Your answer should be one number, namely how many lines in the listing below include the word "cases".

== Material provided

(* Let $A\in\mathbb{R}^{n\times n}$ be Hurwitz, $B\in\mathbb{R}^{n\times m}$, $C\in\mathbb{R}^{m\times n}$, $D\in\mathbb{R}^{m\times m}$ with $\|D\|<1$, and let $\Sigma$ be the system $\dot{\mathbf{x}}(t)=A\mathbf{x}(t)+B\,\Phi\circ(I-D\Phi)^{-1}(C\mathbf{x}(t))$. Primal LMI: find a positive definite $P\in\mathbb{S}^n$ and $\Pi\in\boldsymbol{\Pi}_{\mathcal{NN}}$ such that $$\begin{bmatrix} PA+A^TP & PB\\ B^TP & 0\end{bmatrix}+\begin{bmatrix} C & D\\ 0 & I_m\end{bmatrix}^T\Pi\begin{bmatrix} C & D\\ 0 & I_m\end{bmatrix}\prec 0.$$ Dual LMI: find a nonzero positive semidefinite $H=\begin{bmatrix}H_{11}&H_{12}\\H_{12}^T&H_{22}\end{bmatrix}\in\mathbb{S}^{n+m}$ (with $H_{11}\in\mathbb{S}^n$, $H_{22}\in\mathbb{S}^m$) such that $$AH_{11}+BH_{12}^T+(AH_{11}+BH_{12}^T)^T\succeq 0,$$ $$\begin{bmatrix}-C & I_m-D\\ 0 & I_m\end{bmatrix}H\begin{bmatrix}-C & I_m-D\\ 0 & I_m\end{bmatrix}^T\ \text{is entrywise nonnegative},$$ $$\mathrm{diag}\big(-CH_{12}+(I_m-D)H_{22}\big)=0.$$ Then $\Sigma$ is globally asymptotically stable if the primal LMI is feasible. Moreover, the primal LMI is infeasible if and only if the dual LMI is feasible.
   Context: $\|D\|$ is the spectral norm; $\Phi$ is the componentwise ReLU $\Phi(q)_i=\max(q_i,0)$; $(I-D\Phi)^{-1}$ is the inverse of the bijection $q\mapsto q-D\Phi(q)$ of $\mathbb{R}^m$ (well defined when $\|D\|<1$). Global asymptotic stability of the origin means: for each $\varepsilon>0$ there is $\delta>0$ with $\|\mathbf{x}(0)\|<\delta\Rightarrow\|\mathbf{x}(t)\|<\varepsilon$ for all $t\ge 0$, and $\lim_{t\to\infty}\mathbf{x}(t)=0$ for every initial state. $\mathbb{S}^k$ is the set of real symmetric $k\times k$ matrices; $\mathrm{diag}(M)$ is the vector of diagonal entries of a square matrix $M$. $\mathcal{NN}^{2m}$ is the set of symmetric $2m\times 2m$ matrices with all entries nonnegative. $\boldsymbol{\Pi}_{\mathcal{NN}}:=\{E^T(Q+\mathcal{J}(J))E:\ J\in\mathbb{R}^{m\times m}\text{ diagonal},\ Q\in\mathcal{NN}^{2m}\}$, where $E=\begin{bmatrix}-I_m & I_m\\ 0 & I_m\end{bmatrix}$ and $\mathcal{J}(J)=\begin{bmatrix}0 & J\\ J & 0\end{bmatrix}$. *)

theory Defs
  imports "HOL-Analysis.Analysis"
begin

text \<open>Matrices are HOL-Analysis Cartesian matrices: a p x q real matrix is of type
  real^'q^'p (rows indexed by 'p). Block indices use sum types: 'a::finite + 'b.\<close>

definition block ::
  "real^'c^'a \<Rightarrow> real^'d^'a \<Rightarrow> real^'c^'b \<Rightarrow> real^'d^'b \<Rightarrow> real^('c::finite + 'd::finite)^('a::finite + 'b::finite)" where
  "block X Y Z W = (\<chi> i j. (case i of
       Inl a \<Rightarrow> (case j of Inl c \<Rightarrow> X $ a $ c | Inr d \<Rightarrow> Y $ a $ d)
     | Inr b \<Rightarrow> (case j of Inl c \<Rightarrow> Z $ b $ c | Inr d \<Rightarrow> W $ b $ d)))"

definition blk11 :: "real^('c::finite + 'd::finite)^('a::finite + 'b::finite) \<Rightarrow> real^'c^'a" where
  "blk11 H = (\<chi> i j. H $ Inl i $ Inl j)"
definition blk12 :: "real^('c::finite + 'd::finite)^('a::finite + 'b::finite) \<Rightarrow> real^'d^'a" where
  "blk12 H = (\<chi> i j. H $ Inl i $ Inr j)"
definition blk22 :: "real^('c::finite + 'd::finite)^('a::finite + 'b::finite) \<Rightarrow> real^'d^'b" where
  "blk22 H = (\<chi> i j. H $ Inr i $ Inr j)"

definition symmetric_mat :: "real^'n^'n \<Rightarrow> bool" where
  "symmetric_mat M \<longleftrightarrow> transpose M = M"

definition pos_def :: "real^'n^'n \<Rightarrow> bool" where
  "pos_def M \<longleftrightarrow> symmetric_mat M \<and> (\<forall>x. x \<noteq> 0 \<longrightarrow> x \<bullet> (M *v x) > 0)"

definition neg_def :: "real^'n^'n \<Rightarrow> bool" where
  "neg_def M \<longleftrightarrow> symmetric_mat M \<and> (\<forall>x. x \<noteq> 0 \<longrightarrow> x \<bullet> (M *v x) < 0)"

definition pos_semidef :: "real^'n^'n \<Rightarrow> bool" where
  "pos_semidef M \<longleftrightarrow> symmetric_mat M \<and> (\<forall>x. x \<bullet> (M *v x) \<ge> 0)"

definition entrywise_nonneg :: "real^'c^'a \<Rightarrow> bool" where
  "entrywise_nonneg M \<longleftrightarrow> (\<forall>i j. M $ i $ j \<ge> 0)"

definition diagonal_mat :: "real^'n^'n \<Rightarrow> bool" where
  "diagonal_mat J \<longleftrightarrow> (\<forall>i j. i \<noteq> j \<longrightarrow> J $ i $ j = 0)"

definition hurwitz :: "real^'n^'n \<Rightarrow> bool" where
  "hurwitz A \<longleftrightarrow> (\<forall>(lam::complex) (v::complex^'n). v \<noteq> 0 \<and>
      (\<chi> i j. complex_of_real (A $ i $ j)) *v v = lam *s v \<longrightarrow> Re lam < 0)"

====
== Material provided

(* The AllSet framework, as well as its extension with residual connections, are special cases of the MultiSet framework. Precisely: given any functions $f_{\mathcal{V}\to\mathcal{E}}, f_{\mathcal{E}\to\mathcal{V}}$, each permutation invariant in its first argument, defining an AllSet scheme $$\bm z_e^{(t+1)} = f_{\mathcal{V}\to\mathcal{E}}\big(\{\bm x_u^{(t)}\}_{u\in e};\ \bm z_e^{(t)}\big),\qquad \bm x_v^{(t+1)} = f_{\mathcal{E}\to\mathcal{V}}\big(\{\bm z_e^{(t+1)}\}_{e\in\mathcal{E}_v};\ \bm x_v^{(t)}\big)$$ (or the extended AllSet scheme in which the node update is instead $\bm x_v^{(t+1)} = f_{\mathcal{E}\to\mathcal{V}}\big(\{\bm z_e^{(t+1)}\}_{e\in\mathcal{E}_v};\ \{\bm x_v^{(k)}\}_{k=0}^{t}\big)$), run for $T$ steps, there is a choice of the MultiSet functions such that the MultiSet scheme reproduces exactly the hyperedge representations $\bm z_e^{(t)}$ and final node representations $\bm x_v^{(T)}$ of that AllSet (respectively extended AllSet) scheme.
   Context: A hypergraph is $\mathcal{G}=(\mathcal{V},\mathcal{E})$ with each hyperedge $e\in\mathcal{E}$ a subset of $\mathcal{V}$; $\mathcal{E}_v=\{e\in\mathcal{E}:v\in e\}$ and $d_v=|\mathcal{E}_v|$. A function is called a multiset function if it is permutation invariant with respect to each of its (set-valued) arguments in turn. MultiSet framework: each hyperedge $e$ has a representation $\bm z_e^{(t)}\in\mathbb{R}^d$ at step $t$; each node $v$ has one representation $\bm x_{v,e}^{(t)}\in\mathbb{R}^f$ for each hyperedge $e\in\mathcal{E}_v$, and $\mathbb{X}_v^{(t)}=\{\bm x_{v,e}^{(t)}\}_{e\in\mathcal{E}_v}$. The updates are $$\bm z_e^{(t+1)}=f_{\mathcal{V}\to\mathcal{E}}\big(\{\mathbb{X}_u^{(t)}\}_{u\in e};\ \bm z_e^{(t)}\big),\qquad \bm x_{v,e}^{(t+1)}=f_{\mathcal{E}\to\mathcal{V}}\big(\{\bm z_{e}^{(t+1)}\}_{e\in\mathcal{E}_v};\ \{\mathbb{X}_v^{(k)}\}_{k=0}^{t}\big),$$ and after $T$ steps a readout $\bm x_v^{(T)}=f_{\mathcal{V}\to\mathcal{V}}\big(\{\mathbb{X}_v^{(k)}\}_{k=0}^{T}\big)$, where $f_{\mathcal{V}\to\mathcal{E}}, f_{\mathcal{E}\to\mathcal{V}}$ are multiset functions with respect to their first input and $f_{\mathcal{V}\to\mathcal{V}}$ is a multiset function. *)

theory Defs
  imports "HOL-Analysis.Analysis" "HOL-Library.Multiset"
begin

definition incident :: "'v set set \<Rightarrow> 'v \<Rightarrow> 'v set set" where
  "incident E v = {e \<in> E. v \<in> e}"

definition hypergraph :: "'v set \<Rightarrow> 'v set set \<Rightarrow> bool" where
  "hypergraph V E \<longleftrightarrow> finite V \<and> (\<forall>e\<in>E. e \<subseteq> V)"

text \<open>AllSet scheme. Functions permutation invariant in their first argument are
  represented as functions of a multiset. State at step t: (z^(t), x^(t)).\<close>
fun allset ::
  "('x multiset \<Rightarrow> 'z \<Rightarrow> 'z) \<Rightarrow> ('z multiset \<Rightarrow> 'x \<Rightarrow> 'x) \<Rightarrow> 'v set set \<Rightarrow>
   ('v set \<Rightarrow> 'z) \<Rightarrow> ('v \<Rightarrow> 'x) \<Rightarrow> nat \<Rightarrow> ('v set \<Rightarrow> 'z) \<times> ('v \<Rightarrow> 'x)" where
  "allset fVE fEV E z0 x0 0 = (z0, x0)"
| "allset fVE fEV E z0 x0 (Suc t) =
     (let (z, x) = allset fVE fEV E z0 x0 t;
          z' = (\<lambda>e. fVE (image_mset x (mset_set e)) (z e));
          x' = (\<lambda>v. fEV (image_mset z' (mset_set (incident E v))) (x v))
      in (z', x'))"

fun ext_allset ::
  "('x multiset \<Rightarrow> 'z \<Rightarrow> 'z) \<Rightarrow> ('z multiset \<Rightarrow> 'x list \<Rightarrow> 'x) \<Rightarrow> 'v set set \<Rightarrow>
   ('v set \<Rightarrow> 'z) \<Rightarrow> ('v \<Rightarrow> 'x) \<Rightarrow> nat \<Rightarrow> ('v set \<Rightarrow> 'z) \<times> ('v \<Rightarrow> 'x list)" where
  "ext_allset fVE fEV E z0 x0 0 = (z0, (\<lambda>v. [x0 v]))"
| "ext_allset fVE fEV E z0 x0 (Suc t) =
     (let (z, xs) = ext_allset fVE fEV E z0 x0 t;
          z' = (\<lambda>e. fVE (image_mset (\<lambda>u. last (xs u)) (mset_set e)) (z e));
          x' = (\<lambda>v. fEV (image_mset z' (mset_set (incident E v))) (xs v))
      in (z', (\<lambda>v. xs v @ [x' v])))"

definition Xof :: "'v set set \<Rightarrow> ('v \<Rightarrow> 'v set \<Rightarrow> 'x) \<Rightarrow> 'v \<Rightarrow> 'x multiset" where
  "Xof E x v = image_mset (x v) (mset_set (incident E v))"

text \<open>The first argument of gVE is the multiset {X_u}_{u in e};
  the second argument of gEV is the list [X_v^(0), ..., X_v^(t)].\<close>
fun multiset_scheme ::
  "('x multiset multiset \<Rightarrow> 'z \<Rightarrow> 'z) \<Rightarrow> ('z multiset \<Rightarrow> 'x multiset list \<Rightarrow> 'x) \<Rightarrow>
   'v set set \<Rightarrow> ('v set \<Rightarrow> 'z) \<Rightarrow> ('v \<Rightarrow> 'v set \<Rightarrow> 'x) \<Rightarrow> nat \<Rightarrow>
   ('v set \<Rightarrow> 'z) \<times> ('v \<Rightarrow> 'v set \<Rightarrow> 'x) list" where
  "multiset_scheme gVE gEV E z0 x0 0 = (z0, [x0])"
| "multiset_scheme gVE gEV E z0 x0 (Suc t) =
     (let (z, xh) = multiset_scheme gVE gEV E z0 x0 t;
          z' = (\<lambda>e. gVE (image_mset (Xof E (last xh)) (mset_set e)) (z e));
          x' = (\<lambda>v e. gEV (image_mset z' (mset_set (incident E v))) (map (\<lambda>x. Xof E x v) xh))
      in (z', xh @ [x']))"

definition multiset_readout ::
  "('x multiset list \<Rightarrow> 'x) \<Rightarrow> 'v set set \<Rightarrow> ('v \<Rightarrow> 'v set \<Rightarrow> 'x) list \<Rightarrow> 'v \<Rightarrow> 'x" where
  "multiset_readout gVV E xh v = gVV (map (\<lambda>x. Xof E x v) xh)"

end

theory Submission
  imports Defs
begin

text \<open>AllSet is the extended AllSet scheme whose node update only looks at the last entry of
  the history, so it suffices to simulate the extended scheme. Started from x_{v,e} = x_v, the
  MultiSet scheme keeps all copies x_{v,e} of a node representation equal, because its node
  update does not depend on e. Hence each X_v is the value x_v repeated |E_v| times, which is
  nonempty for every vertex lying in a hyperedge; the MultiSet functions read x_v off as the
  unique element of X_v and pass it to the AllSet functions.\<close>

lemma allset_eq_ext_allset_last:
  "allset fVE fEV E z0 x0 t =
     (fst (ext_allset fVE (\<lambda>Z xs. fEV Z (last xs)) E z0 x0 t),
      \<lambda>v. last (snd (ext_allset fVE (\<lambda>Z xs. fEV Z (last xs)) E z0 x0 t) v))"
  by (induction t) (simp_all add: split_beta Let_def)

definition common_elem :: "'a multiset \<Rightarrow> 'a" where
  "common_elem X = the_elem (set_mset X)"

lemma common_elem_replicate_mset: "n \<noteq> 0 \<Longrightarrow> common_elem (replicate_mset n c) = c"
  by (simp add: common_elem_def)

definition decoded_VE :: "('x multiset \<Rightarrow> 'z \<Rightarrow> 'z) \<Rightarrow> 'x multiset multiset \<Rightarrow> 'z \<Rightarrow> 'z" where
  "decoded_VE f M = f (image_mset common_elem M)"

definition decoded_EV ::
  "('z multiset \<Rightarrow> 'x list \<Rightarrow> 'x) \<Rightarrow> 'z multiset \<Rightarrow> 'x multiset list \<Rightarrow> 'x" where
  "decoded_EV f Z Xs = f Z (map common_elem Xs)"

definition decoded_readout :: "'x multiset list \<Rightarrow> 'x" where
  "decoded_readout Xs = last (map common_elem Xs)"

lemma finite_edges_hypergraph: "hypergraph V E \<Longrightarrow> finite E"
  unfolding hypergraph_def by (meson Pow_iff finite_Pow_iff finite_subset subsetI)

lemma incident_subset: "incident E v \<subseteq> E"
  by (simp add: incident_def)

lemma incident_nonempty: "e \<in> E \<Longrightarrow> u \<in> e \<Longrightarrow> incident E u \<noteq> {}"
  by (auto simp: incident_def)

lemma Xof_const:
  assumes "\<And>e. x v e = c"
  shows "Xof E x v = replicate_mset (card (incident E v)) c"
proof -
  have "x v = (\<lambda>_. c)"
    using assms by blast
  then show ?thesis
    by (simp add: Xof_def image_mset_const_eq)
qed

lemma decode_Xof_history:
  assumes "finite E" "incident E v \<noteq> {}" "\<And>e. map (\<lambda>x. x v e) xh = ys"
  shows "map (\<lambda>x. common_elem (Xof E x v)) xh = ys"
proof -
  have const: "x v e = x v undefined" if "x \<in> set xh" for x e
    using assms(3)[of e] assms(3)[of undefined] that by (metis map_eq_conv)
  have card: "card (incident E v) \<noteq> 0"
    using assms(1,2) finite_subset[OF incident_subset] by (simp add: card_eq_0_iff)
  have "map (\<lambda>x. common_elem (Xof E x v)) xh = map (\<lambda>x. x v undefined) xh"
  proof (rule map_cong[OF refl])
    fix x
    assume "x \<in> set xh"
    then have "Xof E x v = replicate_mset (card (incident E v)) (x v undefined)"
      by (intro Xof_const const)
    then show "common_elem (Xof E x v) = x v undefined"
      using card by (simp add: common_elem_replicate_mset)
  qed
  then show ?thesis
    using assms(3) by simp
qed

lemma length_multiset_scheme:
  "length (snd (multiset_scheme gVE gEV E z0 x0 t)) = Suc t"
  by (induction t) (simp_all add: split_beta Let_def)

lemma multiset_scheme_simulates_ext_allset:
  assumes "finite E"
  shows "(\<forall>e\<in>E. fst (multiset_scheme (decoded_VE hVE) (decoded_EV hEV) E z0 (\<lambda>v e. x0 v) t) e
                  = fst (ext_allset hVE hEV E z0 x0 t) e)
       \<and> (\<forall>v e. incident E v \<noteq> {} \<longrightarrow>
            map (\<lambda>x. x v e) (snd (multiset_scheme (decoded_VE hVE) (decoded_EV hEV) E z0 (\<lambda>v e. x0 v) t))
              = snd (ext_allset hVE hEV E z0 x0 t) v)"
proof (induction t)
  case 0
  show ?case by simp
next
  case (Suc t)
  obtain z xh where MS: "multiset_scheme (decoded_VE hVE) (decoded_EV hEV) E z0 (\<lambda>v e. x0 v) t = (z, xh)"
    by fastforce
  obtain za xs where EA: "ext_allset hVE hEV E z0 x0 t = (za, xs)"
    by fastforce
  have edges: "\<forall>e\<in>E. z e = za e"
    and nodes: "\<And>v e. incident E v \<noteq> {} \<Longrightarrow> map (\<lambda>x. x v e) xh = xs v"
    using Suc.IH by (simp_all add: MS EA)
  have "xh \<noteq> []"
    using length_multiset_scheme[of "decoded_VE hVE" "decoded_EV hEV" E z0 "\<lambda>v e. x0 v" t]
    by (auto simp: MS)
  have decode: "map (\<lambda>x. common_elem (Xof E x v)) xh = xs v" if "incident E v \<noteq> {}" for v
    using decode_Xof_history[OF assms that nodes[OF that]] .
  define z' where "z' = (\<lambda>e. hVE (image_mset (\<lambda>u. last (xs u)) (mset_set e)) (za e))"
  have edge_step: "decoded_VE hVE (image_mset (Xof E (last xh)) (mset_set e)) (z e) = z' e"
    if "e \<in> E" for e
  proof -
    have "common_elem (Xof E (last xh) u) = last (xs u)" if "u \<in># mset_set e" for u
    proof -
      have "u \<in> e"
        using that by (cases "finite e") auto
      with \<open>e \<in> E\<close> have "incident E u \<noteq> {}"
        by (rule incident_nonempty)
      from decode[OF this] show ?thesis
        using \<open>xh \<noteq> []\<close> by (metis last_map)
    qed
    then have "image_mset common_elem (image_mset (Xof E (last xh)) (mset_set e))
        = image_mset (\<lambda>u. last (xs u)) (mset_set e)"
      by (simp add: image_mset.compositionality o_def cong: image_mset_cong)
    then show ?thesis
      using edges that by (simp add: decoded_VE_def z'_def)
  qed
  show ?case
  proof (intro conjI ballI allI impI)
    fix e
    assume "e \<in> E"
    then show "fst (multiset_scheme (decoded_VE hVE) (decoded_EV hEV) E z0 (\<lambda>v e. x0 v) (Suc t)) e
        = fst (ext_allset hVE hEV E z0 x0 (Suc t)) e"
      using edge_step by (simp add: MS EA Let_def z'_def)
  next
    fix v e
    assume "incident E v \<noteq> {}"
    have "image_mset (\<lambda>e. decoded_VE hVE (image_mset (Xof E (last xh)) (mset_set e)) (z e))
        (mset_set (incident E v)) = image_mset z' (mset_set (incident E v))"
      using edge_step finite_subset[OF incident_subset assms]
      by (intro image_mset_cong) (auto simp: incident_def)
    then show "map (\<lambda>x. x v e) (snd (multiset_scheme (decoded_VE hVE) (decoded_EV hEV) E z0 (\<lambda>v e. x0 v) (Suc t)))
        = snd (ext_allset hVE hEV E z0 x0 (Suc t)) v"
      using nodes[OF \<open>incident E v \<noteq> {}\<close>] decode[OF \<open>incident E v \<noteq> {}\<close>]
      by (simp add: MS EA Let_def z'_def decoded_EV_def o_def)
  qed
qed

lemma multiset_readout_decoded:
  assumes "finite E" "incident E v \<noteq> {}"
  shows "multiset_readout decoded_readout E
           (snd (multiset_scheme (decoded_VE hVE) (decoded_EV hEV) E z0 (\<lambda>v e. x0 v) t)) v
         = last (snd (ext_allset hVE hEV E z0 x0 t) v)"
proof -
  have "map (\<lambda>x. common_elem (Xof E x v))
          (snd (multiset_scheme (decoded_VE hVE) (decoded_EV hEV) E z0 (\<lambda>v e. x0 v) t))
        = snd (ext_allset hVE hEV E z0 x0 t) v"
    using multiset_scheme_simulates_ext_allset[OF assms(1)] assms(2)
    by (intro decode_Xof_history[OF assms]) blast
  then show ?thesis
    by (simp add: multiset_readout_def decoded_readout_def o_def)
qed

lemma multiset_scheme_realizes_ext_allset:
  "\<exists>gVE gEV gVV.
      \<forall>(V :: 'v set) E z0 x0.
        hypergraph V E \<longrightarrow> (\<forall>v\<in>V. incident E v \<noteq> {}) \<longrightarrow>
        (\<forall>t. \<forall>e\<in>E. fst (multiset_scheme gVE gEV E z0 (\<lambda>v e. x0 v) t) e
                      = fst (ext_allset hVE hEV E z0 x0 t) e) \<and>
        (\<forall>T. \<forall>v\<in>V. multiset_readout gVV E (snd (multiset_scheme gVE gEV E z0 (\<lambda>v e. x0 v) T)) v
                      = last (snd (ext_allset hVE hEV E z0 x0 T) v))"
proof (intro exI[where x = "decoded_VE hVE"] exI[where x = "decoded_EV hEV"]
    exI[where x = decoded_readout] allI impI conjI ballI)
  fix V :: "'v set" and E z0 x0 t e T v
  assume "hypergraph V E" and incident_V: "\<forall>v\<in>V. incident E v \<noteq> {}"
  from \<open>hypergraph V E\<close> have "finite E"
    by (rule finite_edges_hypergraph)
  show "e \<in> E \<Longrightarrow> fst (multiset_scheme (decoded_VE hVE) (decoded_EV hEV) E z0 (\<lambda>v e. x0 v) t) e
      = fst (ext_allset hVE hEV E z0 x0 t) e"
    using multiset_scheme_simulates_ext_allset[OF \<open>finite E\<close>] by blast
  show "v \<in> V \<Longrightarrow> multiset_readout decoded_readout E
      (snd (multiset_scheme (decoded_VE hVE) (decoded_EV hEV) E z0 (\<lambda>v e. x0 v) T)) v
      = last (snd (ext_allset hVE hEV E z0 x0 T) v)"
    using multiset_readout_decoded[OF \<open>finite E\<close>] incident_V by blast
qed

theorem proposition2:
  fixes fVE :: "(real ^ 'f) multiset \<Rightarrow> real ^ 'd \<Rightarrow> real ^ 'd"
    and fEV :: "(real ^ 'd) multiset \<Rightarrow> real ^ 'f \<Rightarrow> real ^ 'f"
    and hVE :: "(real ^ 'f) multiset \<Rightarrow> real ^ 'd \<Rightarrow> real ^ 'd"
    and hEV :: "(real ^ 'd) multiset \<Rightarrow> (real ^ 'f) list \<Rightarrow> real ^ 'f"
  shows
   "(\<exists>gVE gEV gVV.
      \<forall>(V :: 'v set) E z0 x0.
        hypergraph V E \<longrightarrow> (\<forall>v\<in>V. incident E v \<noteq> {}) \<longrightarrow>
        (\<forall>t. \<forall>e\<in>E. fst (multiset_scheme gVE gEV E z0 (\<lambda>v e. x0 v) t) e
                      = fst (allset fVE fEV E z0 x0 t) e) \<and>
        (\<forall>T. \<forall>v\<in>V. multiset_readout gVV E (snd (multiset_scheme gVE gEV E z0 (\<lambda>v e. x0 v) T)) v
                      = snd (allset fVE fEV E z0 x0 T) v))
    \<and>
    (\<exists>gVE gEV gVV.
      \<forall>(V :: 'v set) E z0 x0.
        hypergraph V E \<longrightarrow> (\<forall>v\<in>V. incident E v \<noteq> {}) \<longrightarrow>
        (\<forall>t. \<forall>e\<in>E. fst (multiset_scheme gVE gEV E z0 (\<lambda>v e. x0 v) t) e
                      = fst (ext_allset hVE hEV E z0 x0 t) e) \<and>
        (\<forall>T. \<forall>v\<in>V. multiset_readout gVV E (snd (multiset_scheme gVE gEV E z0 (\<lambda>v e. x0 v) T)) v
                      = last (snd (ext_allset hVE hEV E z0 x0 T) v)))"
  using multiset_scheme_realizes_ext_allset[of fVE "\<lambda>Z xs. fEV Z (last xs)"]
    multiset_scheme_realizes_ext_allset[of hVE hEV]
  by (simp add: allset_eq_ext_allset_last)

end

====

(Exercise result):
2